Listed here are the steps you’ll wish to observe:
- Step 1: Create a Google API Console mission and allow BigQuery.
- Log in to the Google APIs Console.
- Create a Google APIs Console mission.
- Navigate to the APIs desk.
- Activate BigQuery.
- Step 2: Put together your mission for BigQuery export.
- Guarantee Billing is enabled on your mission. You might not have to pay something, however it’ll differ relying on the utilization and knowledge you could have.
- If prompted, create a billing account.
- Settle for the free trial if it’s out there.
- Validate Billing enablement. Open your mission at https://console.cloud.google.com/bigquery, and attempt to create an information set within the mission. Click on the blue arrow subsequent to the mission title, then click on Create knowledge set. In case you can create the information set, billing is setup appropriately. If there are any errors, make sure that billing is enabled.
- Add the service account to your mission. Add [email protected] as a member of the mission, and make sure that permission on the mission degree is ready to Editor (versus BigQuery Information Editor). The Editor position is required in an effort to export knowledge from Analytics to BigQuery.

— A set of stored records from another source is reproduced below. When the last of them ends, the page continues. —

lemma repetition_up_to_multiples:
  fixes \<omega> :: "nat \<Rightarrow> real"
  assumes rep: "repetitive_T \<omega>" and k: "k \<ge> 1" and ak: "\<bar>a k\<bar> = 1"
    and rec: "\<And>R. lin_rec_on a k R \<omega>"
    and m: "m \<ge> 1" and \<epsilon>: "\<epsilon> > 0" and r: "r \<ge> 1"
  shows "\<exists>q\<ge>1. \<forall>n\<le>r * q. \<exists>Z::int. int m dvd Z \<and> \<bar>\<omega> n - \<omega> (n + q) - of_int Z\<bar> < \<epsilon>"
proof -
  define C where "C = 1 + (\<Sum>i=1..k. \<bar>real_of_int (a i)\<bar>)"
  define P where "P = (fact (m ^ k) :: nat)"
  define N where "N = P * m"
  define \<delta> where "\<delta> = min (1 / C) (\<epsilon> / N)"
  define R where "R = r * N + N + m ^ k + k"
  have C: "C \<ge> 1" unfolding C_def by (simp add: sum_nonneg)
  have N: "N \<ge> 1" unfolding N_def P_def using m by (simp add: Suc_le_eq)
  have \<delta>: "\<delta> > 0" using C N \<epsilon> unfolding \<delta>_def by simp
  have \<delta>C: "\<delta> * C \<le> 1"
    using mult_right_mono[of \<delta> "1 / C" C] C unfolding \<delta>_def by simp
  have N\<delta>: "N * \<delta> \<le> \<epsilon>"
    using mult_left_mono[of \<delta> "\<epsilon> / N" N] N unfolding \<delta>_def by simp
  have R1: "R \<ge> 1" unfolding R_def using k by simp
  obtain q z where q: "q \<ge> 1"
    and close: "\<And>n. n \<le> R * q \<Longrightarrow> \<bar>\<omega> n - \<omega> (n + q) - of_int (z n)\<bar> < \<delta>"
    and zrec: "lin_rec_on a k (R * q) z"
    using rounded_differences[OF rep rec \<delta> \<delta>C[unfolded C_def] R1] by blast
  have "m ^ k + k \<le> R" unfolding R_def by simp
  also have "R \<le> R * q" using q by simp
  finally have Rq: "m ^ k + k \<le> R * q" .
  have period: "int m dvd z n - z (n + c * P)" if "n + c * P \<le> R * q" for n c
    using lin_rec_on_fact_period_mod[OF zrec k ak m Rq] that unfolding P_def .
  show ?thesis
  proof (intro exI[of _ "N * q"] conjI allI impI)
    fix n assume n: "n \<le> r * (N * q)"
    have inside: "n + t * q \<le> R * q" if "t \<le> N" for t
    proof -
      have "n + t * q \<le> r * N * q + N * q" 
        using add_le_mono[OF n mult_le_mono1[OF that, of q]] by (simp add: mult.assoc)
      also have "\<dots> \<le> R * q" unfolding R_def by (simp add: add_mult_distrib)
      finally show ?thesis .
    qed
    have "int m dvd (\<Sum>t<P * m. z (n + t * q))"
    proof (rule periodic_block_sum_dvd)
      fix t assume t: "t + P < P * m"
      have shift: "n + t * q + q * P = n + (t + P) * q" by (simp add: algebra_simps)
      have "n + (t + P) * q \<le> R * q" using t inside unfolding N_def by simp
      then show "int m dvd z (n + t * q) - z (n + (t + P) * q)"
        by (rule period[of "n + t * q" q, unfolded shift])
    qed
    moreover have "\<bar>\<omega> n - \<omega> (n + N * q) - of_int (\<Sum>t<N. z (n + t * q))\<bar> < N * \<delta>"
    proof (rule telescoping_rounding[OF _ N])
      fix t assume "t < N"
      then show "\<bar>\<omega> (n + t * q) - \<omega> (n + t * q + q) - of_int (z (n + t * q))\<bar> < \<delta>"
        using close inside[of t] by simp
    qed
    ultimately show "\<exists>Z::int. int m dvd Z \<and> \<bar>\<omega> n - \<omega> (n + N * q) - of_int Z\<bar> < \<epsilon>"
      using N\<delta> unfolding N_def by (intro exI[of _ "\<Sum>t<P * m. z (n + t * q)"]) simp
  qed (use N q in simp)
qed
definition shiftop :: "((int \<Rightarrow> complex) \<Rightarrow> (int \<Rightarrow> complex)) \<Rightarrow> complex \<Rightarrow> (int \<Rightarrow> complex) \<Rightarrow> (int \<Rightarrow> complex)" where
  "shiftop A z u = (\<lambda>n. A u n - z * u n)"

definition gen_eigenspace :: "(int \<Rightarrow> complex) set \<Rightarrow> ((int \<Rightarrow> complex) \<Rightarrow> (int \<Rightarrow> complex)) \<Rightarrow> complex \<Rightarrow> (int \<Rightarrow> complex) set" where
  "gen_eigenspace D A z = {u. \<exists>k. (\<forall>i<k. (shiftop A z ^^ i) u \<in> D) \<and> (shiftop A z ^^ k) u = (\<lambda>n. 0)}"

definition lin_indep :: "(int \<Rightarrow> complex) set \<Rightarrow> bool" where
  "lin_indep F \<longleftrightarrow> (\<forall>c. (\<forall>n. (\<Sum>f\<in>F. c f * f n) = 0) \<longrightarrow> (\<forall>f\<in>F. c f = 0))"

definition alg_mult :: "(int \<Rightarrow> complex) set \<Rightarrow> ((int \<Rightarrow> complex) \<Rightarrow> (int \<Rightarrow> complex)) \<Rightarrow> complex \<Rightarrow> enat" where
  "alg_mult D A z = (SUP F \<in> {F. finite F \<and> F \<subseteq> gen_eigenspace D A z \<and> lin_indep F}. enat (card F))"

end

theory Submission
  imports Defs "HOL-Library.Function_Algebras"
begin

text \<open>Since \<open>V\<close> has only even Fourier modes, multiplication by \<open>V\<close> and \<open>D\<^sup>2\<^sup>m\<close> map even
  modes to even modes and odd modes to odd modes. Splitting every coefficient sequence into its
  even and odd subsequences therefore decomposes \<open>S(V)\<close>, its domain, all iterates of
  \<open>S(V) - z\<close> and hence every generalized eigenspace as a direct sum of the corresponding objects
  for \<open>S\<^sub>+(V)\<close> and \<open>S\<^sub>-(V)\<close>. The dimension of a direct sum is the sum of the dimensions.\<close>

definition even_part :: "(int \<Rightarrow> complex) \<Rightarrow> int \<Rightarrow> complex" where
  "even_part u = (\<lambda>k. u (2*k))"

definition odd_part :: "(int \<Rightarrow> complex) \<Rightarrow> int \<Rightarrow> complex" where
  "odd_part u = (\<lambda>k. u (2*k+1))"

lemma Iplus_even [simp]: "Iplus a (2*k) = a k"
  and Iplus_odd [simp]: "Iplus a (2*k+1) = 0"
  and Iminus_even [simp]: "Iminus b (2*k) = 0"
  and Iminus_odd [simp]: "Iminus b (2*k+1) = b k"
  by (simp_all add: Iplus_def Iminus_def)

lemma even_part_Iplus [simp]: "even_part (Iplus a) = a"
  and odd_part_Iplus [simp]: "odd_part (Iplus a) = 0"
  and even_part_Iminus [simp]: "even_part (Iminus b) = 0"
  and odd_part_Iminus [simp]: "odd_part (Iminus b) = b"
  by (simp_all add: even_part_def odd_part_def fun_eq_iff)

lemma even_part_add [simp]: "even_part (u + v) = even_part u + even_part v"
  and odd_part_add [simp]: "odd_part (u + v) = odd_part u + odd_part v"
  and even_part_zero [simp]: "even_part 0 = 0"
  and odd_part_zero [simp]: "odd_part 0 = 0"
  by (simp_all add: even_part_def odd_part_def fun_eq_iff)

lemma Iplus_even_part_add_Iminus_odd_part: "Iplus (even_part u) + Iminus (odd_part u) = u"
proof
  fix n :: int
  show "(Iplus (even_part u) + Iminus (odd_part u)) n = u n"
  proof (cases "even n")
    case True
    then show ?thesis by (auto simp: Iplus_def Iminus_def even_part_def)
  next
    case False
    then have "2 * ((n - 1) div 2) + 1 = n" by presburger
    with False show ?thesis by (auto simp: Iplus_def Iminus_def odd_part_def)
  qed
qed
(* For $n\ge 0$ let $P_n$ denote the path graph on $n$ vertices ($P_0$ is the empty graph, $P_1$ a single vertex, and for $n\ge 2$ a tree with exactly $n-2$ vertices of degree $2$). Then, as formal power series in $x$, $$\sum_{n\ge 0} \mathrm{sa}(P_n;t)\, x^n = \frac{-1+2tx+\sqrt{1+4x^2}}{2tx-2(t^2-1)x^2}.$$
   Context: All graphs are finite, simple and undirected. For a graph $G=(V,E)$ and $V'\subseteq V$, $G|_{V'}$ denotes the induced subgraph on $V'$. The signed a-number $\mathrm{sa}(G)$ is defined recursively: $\mathrm{sa}(G)=1$ if $G$ is the empty graph (no vertices); $\mathrm{sa}(G)=0$ if $G$ has a connected component with an odd number of vertices; otherwise $\mathrm{sa}(G)=-\sum_{V'\subsetneq V}\mathrm{sa}(G|_{V'})$. The signed a-polynomial of $G$ is $\mathrm{sa}(G;t)=\sum_{V'\subseteq V}\mathrm{sa}(G|_{V'})\,t^{|V\setminus V'|}$. *)

theory Defs
  imports "HOL-Computational_Algebra.Computational_Algebra"
begin

text \<open>A simple graph is represented by a vertex set V together with a (symmetric,
irreflexive) edge relation E; the induced subgraph on V' is (V', E) restricted to V'.\<close>

definition reach :: "('a \<Rightarrow> 'a \<Rightarrow> bool) \<Rightarrow> 'a set \<Rightarrow> 'a \<Rightarrow> 'a \<Rightarrow> bool" where
  "reach E V = (\<lambda>x y. x \<in> V \<and> y \<in> V \<and> E x y)\<^sup>*\<^sup>*"

definition has_odd_component :: "('a \<Rightarrow> 'a \<Rightarrow> bool) \<Rightarrow> 'a set \<Rightarrow> bool" where
  "has_odd_component E V = (\<exists>v\<in>V. odd (card {w \<in> V. reach E V v w}))"

function sa :: "('a \<Rightarrow> 'a \<Rightarrow> bool) \<Rightarrow> 'a set \<Rightarrow> int" where
  "sa E V = (if \<not> finite V then 0
             else if V = {} then 1
             else if has_odd_component E V then 0
             else - (\<Sum>U \<in> {U. U \<subset> V}. sa E U))"
  by auto
termination
  by (relation "measure (\<lambda>(E, V). card V)")
     (auto intro: psubset_card_mono)

definition sa_poly :: "('a \<Rightarrow> 'a \<Rightarrow> bool) \<Rightarrow> 'a set \<Rightarrow> int poly" where
  "sa_poly E V = (\<Sum>U \<in> Pow V. monom (sa E U) (card (V - U)))"

text \<open>Path graph P_n: vertex set {0..<n}, edges between i and i+1.\<close>
definition path_edge :: "nat \<Rightarrow> nat \<Rightarrow> bool" where
  "path_edge i j = (Suc i = j \<or> Suc j = i)"

text \<open>The formal variable t, as a constant power series over the field of fractions of Z[t].\<close>
definition T :: "int poly fract fps" where
  "T = fps_const (Fract [:0, 1:] 1)"

text \<open>sqrt(1+4x^2): the power series square root with constant term 1.\<close>
definition sqrt_1_4x2 :: "int poly fract fps" where
  "sqrt_1_4x2 = fps_radical (\<lambda>_ _. 1) 2 (1 + 4 * fps_X ^ 2)"

end

theory Submission
  imports Defs
begin

text \<open>\<open>sa\<close> is multiplicative over disjoint unions with no edges in between and invariant under
  isomorphism. A proper induced subgraph of \<open>P_n\<close> splits at its least missing vertex \<open>j\<close> into \<open>P_j\<close>
  and a shifted induced subgraph of \<open>P_(n-j-1)\<close>; hence \<open>A = C + t x C A\<close>, where
  \<open>A = \<Sum> sa(P_n; t) x^n\<close> and \<open>C = \<Sum> sa(P_n) x^n\<close>. The series \<open>B = A|_(t=1)\<close> has coefficients
  \<open>\<Sum>_U sa(U)\<close>, which vanish for even \<open>n > 0\<close> by the defining recursion, and \<open>C\<close> is even since
  odd paths have \<open>sa = 0\<close>. Comparing \<open>B(x)\<close> with \<open>B(-x)\<close> gives \<open>B = 1 + x C\<close> and \<open>C + x\<^sup>2 C\<^sup>2 = 1\<close>,
  i.e. \<open>\<surd>(1 + 4x\<^sup>2) = 1 + 2x\<^sup>2 C\<close>, and solving the linear equation for \<open>A\<close> gives the closed form.\<close>

section \<open>Signed a-numbers of arbitrary graphs\<close>

declare sa.simps [simp del]

lemma sa_empty [simp]: "sa E {} = 1"
  by (subst sa.simps) simp

lemma sa_eq_0_if_has_odd_component: "finite V \<Longrightarrow> has_odd_component E V \<Longrightarrow> sa E V = 0"
  by (subst sa.simps) (auto simp: has_odd_component_def)

lemma sa_eq_neg_sum_psubsets:
  "finite V \<Longrightarrow> V \<noteq> {} \<Longrightarrow> \<not> has_odd_component E V \<Longrightarrow>
    sa E V = - (\<Sum>U \<in> {U. U \<subset> V}. sa E U)"
  by (subst sa.simps) simp

lemma Pow_eq_insert_psubsets: "Pow V = insert V {U. U \<subset> V}"
  by auto

lemma finite_psubsets: "finite V \<Longrightarrow> finite {U. U \<subset> V}"
  by (rule finite_subset[of _ "Pow V"]) auto

lemma sum_Pow_eq_plus_sum_psubsets:
  "finite V \<Longrightarrow> (\<Sum>U \<in> Pow V. g U) = g V + (\<Sum>U \<in> {U. U \<subset> V}. g U)"
  by (subst Pow_eq_insert_psubsets, subst sum.insert) (auto simp: finite_psubsets)

lemma sum_sa_Pow_eq_0:
  "finite V \<Longrightarrow> V \<noteq> {} \<Longrightarrow> \<not> has_odd_component E V \<Longrightarrow> (\<Sum>U \<in> Pow V. sa E U) = 0"
  by (simp add: sum_Pow_eq_plus_sum_psubsets sa_eq_neg_sum_psubsets)

definition component :: "('a \<Rightarrow> 'a \<Rightarrow> bool) \<Rightarrow> 'a set \<Rightarrow> 'a \<Rightarrow> 'a set" where
  "component E V v = {w \<in> V. reach E V v w}"

lemma has_odd_component_iff: "has_odd_component E V \<longleftrightarrow> (\<exists>v\<in>V. odd (card (component E V v)))"
  by (simp add: has_odd_component_def component_def)

lemma reach_mono: "reach E A v w \<Longrightarrow> A \<subseteq> B \<Longrightarrow> reach E B v w"
  unfolding reach_def by (erule rtranclp_mono[THEN predicate2D, rotated]) auto
(* Let $k\ge1$ and $n\ge 2k+1$. If the Kneser graph $K(n,k)$ admits a Hamilton cycle, then the bipartite Kneser graph $H(n,k)$ admits a Hamilton cycle or a Hamilton path.
   Context: $K(n,k)$ has as vertices all $k$-element subsets of $[n]$, two sets adjacent iff disjoint. The bipartite Kneser graph $H(n,k)$ has as vertices all $k$-element and all $(n-k)$-element subsets of $[n]$, with an edge between $A$ and $B$ if and only if $A\subseteq B$. *)

theory Defs
  imports Main
begin

definition hamilton_cycle :: "'a set \<Rightarrow> ('a \<Rightarrow> 'a \<Rightarrow> bool) \<Rightarrow> 'a list \<Rightarrow> bool" where
  "hamilton_cycle V E xs \<longleftrightarrow>
     distinct xs \<and> set xs = V \<and> length xs \<ge> 3 \<and>
     (\<forall>i. Suc i < length xs \<longrightarrow> E (xs ! i) (xs ! Suc i)) \<and>
     E (last xs) (hd xs)"

definition hamilton_path :: "'a set \<Rightarrow> ('a \<Rightarrow> 'a \<Rightarrow> bool) \<Rightarrow> 'a list \<Rightarrow> bool" where
  "hamilton_path V E xs \<longleftrightarrow>
     distinct xs \<and> set xs = V \<and> xs \<noteq> [] \<and>
     (\<forall>i. Suc i < length xs \<longrightarrow> E (xs ! i) (xs ! Suc i))"

definition has_hamilton_cycle :: "'a set \<Rightarrow> ('a \<Rightarrow> 'a \<Rightarrow> bool) \<Rightarrow> bool" where
  "has_hamilton_cycle V E \<longleftrightarrow> (\<exists>xs. hamilton_cycle V E xs)"

definition has_hamilton_path :: "'a set \<Rightarrow> ('a \<Rightarrow> 'a \<Rightarrow> bool) \<Rightarrow> bool" where
  "has_hamilton_path V E \<longleftrightarrow> (\<exists>xs. hamilton_path V E xs)"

- If you’re within the EU, please additionally evaluation further necessities.
- Step 3: Arrange a free trial of Supermetrics. Much like the Google Sheets add-on in possibility 2 above, Supermetrics is a software that helps non-technical customers interface with and use APIs. They provide a free 14-day trial, which is probably going all you’ll want for this mission because you’re solely downloading the Common Analytics knowledge as soon as (not frequently).
- Join the BigQuery knowledge supply within the Supermetrics dashboard.
- Step 4: In BigQuery, set up the connection to Supermetrics.
- Navigate to BigQuery, then to Information transfers.
- Click on + Create switch.
- Choose your Google Analytics by Supermetrics as your supply and click on Enroll.
- Fill within the switch particulars. See detailed directions on find out how to arrange a switch.
- Underneath Third-party connection, click on Join supply.
- Settle for the settlement.
- Click on Authorize together with your Google knowledge supply.
- Click on Register with Google.
- Register with the Google Account you utilize with this knowledge supply. This doesn’t should be the identical because the Google Account you utilize with Supermetrics.
- Click on Enable.
- Choose the accounts you’d like to incorporate in your reporting and outline the switch settings.
- Click on Submit.
- Click on Save.
Since you solely have to switch the Common Analytics knowledge one time, it’s also possible to change the schedule on the switch to On demand after which run the switch now.
Section 3: Make sure you’ve captured all of it
Earlier than you think about the mission full, remember to double-check your archived knowledge to make sure you’ve captured every little thing you deliberate to archive.
On July 1, you’ll now not be capable of entry Common Analytics knowledge, both by API or by means of the interface.
Opinions expressed on this article are these of the visitor writer and never essentially Search Engine Land. Workers authors are listed right here.